BEGIN TASK DATA
(* Let $n=2$, $E=\{p\in\Delta_2:p_1,p_2\in\mathbb Q\}$, and $\Theta=(\overline{\Delta}_2)^E$ with the topology of pointwise convergence. Let $\nu_0$ be the infinite product of the uniform distribution on $\overline{\Delta}_2$. Let $\delta>0$ be rational and define $\mu(0)=(\frac12,\frac12)$, $\mu(t+1)=\left(\frac{\mu_1(t)}{1+\delta\mu_2(t)},\frac{(1+\delta)\mu_2(t)}{1+\delta\mu_2(t)}\right)$. Then the wealth distributions $\{\nu_t\}_{t\ge0}$ satisfy the large deviation principle on $\Theta$ with the trivial rate function $I\equiv0$.
   Context: $\Delta_2$, $\overline{\Delta}_2$ the open and closed unit simplices in $\mathbb R^2$. Relative value of $\pi:E\to\overline{\Delta}_2$: $V_\pi(0)=1$, $V_\pi(t+1)=V_\pi(t)\sum_{i=1}^2\pi_i(\mu(t))\mu_i(t+1)/\mu_i(t)$. Wealth distribution: $\nu_t(B)=\frac{1}{\widehat V(t)}\int_BV_\pi(t)\,d\nu_0(\pi)$ with $\widehat V(t)=\int_\Theta V_\pi(t)\,d\nu_0(\pi)$. LDP with rate $I$: for closed $F$, $\limsup_t\frac1t\log\nu_t(F)\le-\inf_FI$; for open $G$, $\liminf_t\frac1t\log\nu_t(G)\ge-\inf_GI$. *)

theory Defs
  imports "HOL-Probability.Probability"
begin

definition simplex_closed :: "(real \<times> real) set" where
  "simplex_closed = {p. fst p \<ge> 0 \<and> snd p \<ge> 0 \<and> fst p + snd p = 1}"

definition simplex_open :: "(real \<times> real) set" where
  "simplex_open = {p. fst p > 0 \<and> snd p > 0 \<and> fst p + snd p = 1}"

definition E_rat :: "(real \<times> real) set" where
  "E_rat = {p \<in> simplex_open. fst p \<in> \<rat> \<and> snd p \<in> \<rat>}"

definition unif_simplex :: "(real \<times> real) measure" where
  "unif_simplex = distr (restrict_space lborel {0..1::real})
                        (restrict_space borel simplex_closed) (\<lambda>x. (x, 1 - x))"

definition Theta_top :: "((real \<times> real) \<Rightarrow> (real \<times> real)) topology" where
  "Theta_top = product_topology (\<lambda>_. subtopology euclidean simplex_closed) E_rat"
(* Let $D$ be a rooted hyperbolic digraph with constant out-degree and bounded in-degree. If $g$ is a self-embedding of $D$ that is not elliptic and $v\in V(D)$ satisfies $d(v,g(v))<\infty$, then the map $\sigma\colon\mathbb{N}\to V(D)$, $i\mapsto g^i(v)$, is a quasi-isometric embedding, i.e. there are $\gamma\ge1$ and $c\ge0$ such that $\gamma^{-1}(j-i)-c\le d(g^i(v),g^j(v))\le\gamma(j-i)+c$ for all $i\le j$ in $\mathbb{N}$.
   Context: Digraph notions: a directed path $x_0\ldots x_n$ has edges $x_ix_{i+1}$; $d(x,y)$ is the length of a shortest directed $x$-$y$ path ($\infty$ if none), called an $x$-$y$ geodesic. $D$ is rooted if some vertex $o$ satisfies $d(o,v)<\infty$ for all $v$. $\mathcal{B}^+_k(x)=\{y:d(x,y)\le k\}$, $\mathcal{B}^-_k(x)=\{y:d(y,x)\le k\}$, extended to sets by unions. A geodesic triangle consists of three vertices and for each pair a geodesic between them (in one direction); it is $\delta$-thin if whenever $P,Q,R$ are its sides with the start of $P$ being the start or end of $Q$ and the end of $P$ being the start or end of $R$, $P\subseteq\mathcal{B}^+_\delta(Q)\cup\mathcal{B}^-_\delta(R)$; $D$ is hyperbolic if for some $\delta\ge0$ all geodesic triangles are $\delta$-thin. A self-embedding is an injective map $g:V(D)\to V(D)$ with $xy\in E(D)\iff g(x)g(y)\in E(D)$. It is elliptic if $g(F)=F$ for some nonempty finite vertex set $F$. Here $\mathbb{N}$ is regarded as the directed ray $0\to1\to2\to\cdots$. *)

theory Defs
  imports Main "HOL-Library.Extended_Nat"
begin

definition dist :: "('a \<times> 'a) set \<Rightarrow> 'a \<Rightarrow> 'a \<Rightarrow> enat" where
  "dist E x y = (INF n \<in> {n. (x, y) \<in> E ^^ n}. enat n)"

definition is_dpath :: "'a set \<Rightarrow> ('a \<times> 'a) set \<Rightarrow> 'a list \<Rightarrow> bool" where
  "is_dpath V E xs \<longleftrightarrow> xs \<noteq> [] \<and> set xs \<subseteq> V \<and>
     (\<forall>i. Suc i < length xs \<longrightarrow> (xs ! i, xs ! Suc i) \<in> E)"

definition is_geodesic :: "'a set \<Rightarrow> ('a \<times> 'a) set \<Rightarrow> 'a list \<Rightarrow> bool" where
  "is_geodesic V E xs \<longleftrightarrow> is_dpath V E xs \<and>
     enat (length xs - 1) = dist E (hd xs) (last xs)"

definition out_ball :: "('a \<times> 'a) set \<Rightarrow> nat \<Rightarrow> 'a set \<Rightarrow> 'a set" where
  "out_ball E k S = {y. \<exists>s\<in>S. dist E s y \<le> enat k}"

definition in_ball :: "('a \<times> 'a) set \<Rightarrow> nat \<Rightarrow> 'a set \<Rightarrow> 'a set" where
  "in_ball E k S = {y. \<exists>s\<in>S. dist E y s \<le> enat k}"

definition geodesic_triangle :: "'a set \<Rightarrow> ('a \<times> 'a) set \<Rightarrow> 'a \<Rightarrow> 'a \<Rightarrow> 'a \<Rightarrow>
     'a list \<Rightarrow> 'a list \<Rightarrow> 'a list \<Rightarrow> bool" where
  "geodesic_triangle V E x y z P Q R \<longleftrightarrow>
     is_geodesic V E P \<and> is_geodesic V E Q \<and> is_geodesic V E R \<and>
     {hd P, last P} = {x, y} \<and> {hd Q, last Q} = {y, z} \<and> {hd R, last R} = {x, z}"

definition thin_triangle :: "('a \<times> 'a) set \<Rightarrow> nat \<Rightarrow> 'a list \<Rightarrow> 'a list \<Rightarrow> 'a list \<Rightarrow> bool" where
  "thin_triangle E \<delta> A B C \<longleftrightarrow>
     (\<forall>(P, Q, R) \<in> {(A, B, C), (A, C, B), (B, A, C), (B, C, A), (C, A, B), (C, B, A)}.
        (hd P = hd Q \<or> hd P = last Q) \<and> (last P = hd R \<or> last P = last R) \<longrightarrow>
        set P \<subseteq> out_ball E \<delta> (set Q) \<union> in_ball E \<delta> (set R))"

definition hyperbolic_digraph :: "'a set \<Rightarrow> ('a \<times> 'a) set \<Rightarrow> bool" where
  "hyperbolic_digraph V E \<longleftrightarrow> (\<exists>\<delta>::nat. \<forall>x y z P Q R.
     geodesic_triangle V E x y z P Q R \<longrightarrow> thin_triangle E \<delta> P Q R)"

definition rooted :: "'a set \<Rightarrow> ('a \<times> 'a) set \<Rightarrow> bool" where
  "rooted V E \<longleftrightarrow> (\<exists>r\<in>V. \<forall>v\<in>V. dist E r v < \<infinity>)"

definition constant_out_degree :: "'a set \<Rightarrow> ('a \<times> 'a) set \<Rightarrow> bool" where
  "constant_out_degree V E \<longleftrightarrow> (\<exists>k::nat. \<forall>v\<in>V.
     finite {w. (v, w) \<in> E} \<and> card {w. (v, w) \<in> E} = k)"

definition bounded_in_degree :: "'a set \<Rightarrow> ('a \<times> 'a) set \<Rightarrow> bool" where
  "bounded_in_degree V E \<longleftrightarrow> (\<exists>m::nat. \<forall>v\<in>V.
     finite {u. (u, v) \<in> E} \<and> card {u. (u, v) \<in> E} \<le> m)"

definition self_embedding :: "'a set \<Rightarrow> ('a \<times> 'a) set \<Rightarrow> ('a \<Rightarrow> 'a) \<Rightarrow> bool" where
  "self_embedding V E g \<longleftrightarrow> g ` V \<subseteq> V \<and> inj_on g V \<and>
     (\<forall>x\<in>V. \<forall>y\<in>V. (x, y) \<in> E \<longleftrightarrow> (g x, g y) \<in> E)"

definition elliptic :: "'a set \<Rightarrow> ('a \<Rightarrow> 'a) \<Rightarrow> bool" where
  "elliptic V g \<longleftrightarrow> (\<exists>F. F \<noteq> {} \<and> finite F \<and> F \<subseteq> V \<and> g ` F = F)"

end

theory Submission
  imports Defs
begin

(* Write disp n for d(v, g^n v). Constant out-degree makes every power of g map
   out-neighbourhoods onto out-neighbourhoods, so it preserves distances; hence
   d(g^i v, g^j v) = disp (j - i), disp is subadditive and disp n <= n * disp 1.
   For the lower bound, non-ellipticity makes orbits injective, so disp is unbounded and some N
   has disp N large and minimal on [N, oo). Let y be the vertex at distance about A from v on a
   geodesic R from v to g^N v. If disp j <= A for all j <= J, thinness of the triangles
   (v, g^j v, g^(N+j) v) and (v, g^N v, g^(N+j) v) puts each g^j y within delta, inwards and
   outwards, of a vertex of R at distance O(A) from v; that this distance is O(A) comes from
   bounded in-degree. Bounded degrees then bound J linearly in A, and subadditivity turns this
   into n <= 2 beta disp n. *)

lemma dist_le_if_relpow: "(x, y) \<in> E ^^ n \<Longrightarrow> dist E x y \<le> enat n"
  unfolding dist_def by (rule INF_lower) simp

lemma relpow_if_dist_eq:
  assumes "dist E x y = enat n"
  shows "(x, y) \<in> E ^^ n"
proof -
  let ?S = "enat ` {n. (x, y) \<in> E ^^ n}"
  have "?S \<noteq> {}"
  proof
    assume "?S = {}"
    then show False
      using assms by (simp add: dist_def top_enat_def)
  qed
  then have "Inf ?S \<in> ?S"
    unfolding Inf_enat_def by (auto intro: LeastI)
  then show ?thesis
    using assms unfolding dist_def by auto
qed

lemma dist_le_enat_iff: "dist E x y \<le> enat n \<longleftrightarrow> (\<exists>m\<le>n. (x, y) \<in> E ^^ m)"
  by (metis dist_le_if_relpow enat_ord_simps(1) enat_ile order.trans relpow_if_dist_eq)

lemma dist_self [simp]: "dist E x x = 0"
  by (metis dist_le_if_relpow relpow_0_I le_zero_eq zero_enat_def)

lemma dist_triangle: "dist E x z \<le> dist E x y + dist E y z"
proof (cases "dist E x y" ; cases "dist E y z")
  fix m n assume "dist E x y = enat m" "dist E y z = enat n"
  then have "(x, z) \<in> E ^^ (m + n)"
    by (meson relpow_if_dist_eq relpow_trans)
  then show ?thesis
    using \<open>dist E x y = enat m\<close> \<open>dist E y z = enat n\<close> dist_le_if_relpow by fastforce
qed simp_all

lemma dist_triangle_enat:
  "dist E x y \<le> enat m \<Longrightarrow> dist E y z \<le> enat n \<Longrightarrow> dist E x z \<le> enat (m + n)"
  by (metis add_mono dist_triangle order.trans plus_enat_simps(1))

lemma relpow_converse:
  fixes E :: "('a \<times> 'a) set"
  shows "(x, y) \<in> (E\<inverse>) ^^ n \<longleftrightarrow> (y, x) \<in> E ^^ n"
proof (induction n arbitrary: y)
  case (Suc n)
  show ?case
  proof
    assume "(x, y) \<in> (E\<inverse>) ^^ Suc n"
    then obtain z where "(x, z) \<in> (E\<inverse>) ^^ n" "(y, z) \<in> E"
      by auto
    then show "(y, x) \<in> E ^^ Suc n"
      using Suc.IH by (blast intro: relpow_Suc_I2)
  next
    assume "(y, x) \<in> E ^^ Suc n"
    then obtain z where "(y, z) \<in> E" "(z, x) \<in> E ^^ n"
      by (blast dest: relpow_Suc_D2)
    then show "(x, y) \<in> (E\<inverse>) ^^ Suc n"
      using Suc.IH by auto
  qed
qed auto

lemma dist_converse: "dist (E\<inverse>) x y = dist E y x"
  by (simp add: dist_def relpow_converse)

lemma out_ball_0 [simp]: "out_ball E 0 S = S"
proof -
  have "dist E s y \<le> enat 0 \<longleftrightarrow> s = y" for s y
    by (simp add: dist_le_enat_iff)
  then show ?thesis
    unfolding out_ball_def by auto
qed
lemma similarity_profile_V_eq_U: "V = U"
proof
  fix y
  have "\<bar>U y\<bar> = \<bar>V y\<bar>" "pos_bdd_away U" "pos_bdd_away V"
    using profile unfolding similarity_profile_def by auto
  then show "V y = U y"
    using pos_bdd_away_pos[of U y] pos_bdd_away_pos[of V y] by simp
qed

lemma similarity_profile_U_pos: "0 < U y"
  using profile pos_bdd_away_pos unfolding similarity_profile_def by blast

lemma similarity_profile_equations:
  "d1 * deriv (deriv U) y + y / 2 * deriv U y + \<Lambda> y = 0"
  "d2 * deriv (deriv U) y + y / 2 * deriv U y - \<Lambda> y = 0"
  using profile similarity_profile_V_eq_U unfolding similarity_profile_def by auto

lemma similarity_profile_Lambda_eq: "\<Lambda> y = (d2 - d1) / 2 * deriv (deriv U) y"
  using similarity_profile_equations[of y] by (simp add: field_simps)

lemma similarity_profile_deriv_ode: "(d1 + d2) * deriv (deriv U) y + y * deriv U y = 0"
  using similarity_profile_equations[of y] by (simp add: field_simps)

lemma similarity_profile_has_derivatives:
  "(U has_real_derivative deriv U y) (at y)"
  "(deriv U has_real_derivative deriv (deriv U) y) (at y)"
  using profile unfolding similarity_profile_def C2_fun_def
  by (simp_all add: DERIV_deriv_iff_real_differentiable)

lemma similarity_profile_measurable:
  "U \<in> borel_measurable lebesgue" "\<Lambda> \<in> borel_measurable lebesgue"
proof -
  have "continuous_on UNIV U"
    using similarity_profile_has_derivatives
    by (meson DERIV_continuous continuous_at_imp_continuous_on)
  then show "U \<in> borel_measurable lebesgue"
    by (rule continuous_on_borel_measurable_lebesgue)
  have "continuous_on UNIV (deriv (deriv U))"
    using profile unfolding similarity_profile_def C2_fun_def by simp
  then have "continuous_on UNIV (\<lambda>y. (d2 - d1) / 2 * deriv (deriv U) y)"
    by (intro continuous_intros)
  then show "\<Lambda> \<in> borel_measurable lebesgue"
    unfolding similarity_profile_Lambda_eq[abs_def, symmetric]
    by (rule continuous_on_borel_measurable_lebesgue)
qed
END TASK DATA
PROBLEM STATEMENT: In the lines above, find the word "intro" and copy each line that contains it.

EXPECTED OUTPUT:
    unfolding Inf_enat_def by (auto intro: LeastI)
      using Suc.IH by (blast intro: relpow_Suc_I2)
    by (intro continuous_intros)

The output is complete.